All lines from the entries below that contain the string "subseteq" should be copied out.

[DATA PROVIDED — start]

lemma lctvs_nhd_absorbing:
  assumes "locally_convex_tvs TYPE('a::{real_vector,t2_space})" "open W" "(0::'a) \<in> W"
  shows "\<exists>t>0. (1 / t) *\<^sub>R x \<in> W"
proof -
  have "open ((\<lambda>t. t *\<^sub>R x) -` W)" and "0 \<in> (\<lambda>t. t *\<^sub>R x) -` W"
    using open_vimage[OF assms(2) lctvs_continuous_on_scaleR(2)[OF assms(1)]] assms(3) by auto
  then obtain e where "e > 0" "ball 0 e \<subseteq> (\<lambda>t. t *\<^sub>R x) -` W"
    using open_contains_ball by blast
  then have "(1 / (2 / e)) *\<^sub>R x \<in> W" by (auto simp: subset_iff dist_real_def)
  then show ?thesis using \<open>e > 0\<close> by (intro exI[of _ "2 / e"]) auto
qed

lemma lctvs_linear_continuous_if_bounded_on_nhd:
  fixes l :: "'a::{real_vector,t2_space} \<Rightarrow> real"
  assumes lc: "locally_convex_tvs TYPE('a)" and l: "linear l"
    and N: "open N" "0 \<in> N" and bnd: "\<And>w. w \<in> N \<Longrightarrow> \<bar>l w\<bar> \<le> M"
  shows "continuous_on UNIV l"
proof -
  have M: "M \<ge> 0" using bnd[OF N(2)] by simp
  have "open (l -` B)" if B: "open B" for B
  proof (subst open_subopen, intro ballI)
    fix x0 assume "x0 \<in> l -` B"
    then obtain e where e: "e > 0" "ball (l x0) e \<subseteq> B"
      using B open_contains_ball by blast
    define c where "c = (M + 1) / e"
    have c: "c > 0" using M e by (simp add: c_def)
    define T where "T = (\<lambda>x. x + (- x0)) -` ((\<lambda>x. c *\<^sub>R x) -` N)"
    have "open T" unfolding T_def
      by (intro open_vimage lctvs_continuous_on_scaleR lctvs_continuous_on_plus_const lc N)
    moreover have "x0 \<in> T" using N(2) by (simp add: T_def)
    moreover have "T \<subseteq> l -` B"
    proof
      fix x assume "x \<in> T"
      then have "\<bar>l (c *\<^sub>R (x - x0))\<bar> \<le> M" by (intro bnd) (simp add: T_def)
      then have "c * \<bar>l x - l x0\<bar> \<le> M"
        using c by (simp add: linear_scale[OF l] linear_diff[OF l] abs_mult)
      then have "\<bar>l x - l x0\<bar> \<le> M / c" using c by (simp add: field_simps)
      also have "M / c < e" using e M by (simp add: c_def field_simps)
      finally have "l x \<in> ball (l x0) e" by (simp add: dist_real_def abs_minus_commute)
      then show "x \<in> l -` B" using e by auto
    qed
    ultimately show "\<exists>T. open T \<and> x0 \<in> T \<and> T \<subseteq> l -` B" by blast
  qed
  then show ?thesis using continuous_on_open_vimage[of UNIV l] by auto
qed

[DATA PROVIDED — finish]

ANSWER AREA →
  then obtain e where "e > 0" "ball 0 e \<subseteq> (\<lambda>t. t *\<^sub>R x) -` W"
    then obtain e where e: "e > 0" "ball (l x0) e \<subseteq> B"
    moreover have "T \<subseteq> l -` B"
    ultimately show "\<exists>T. open T \<and> x0 \<in> T \<and> T \<subseteq> l -` B" by blast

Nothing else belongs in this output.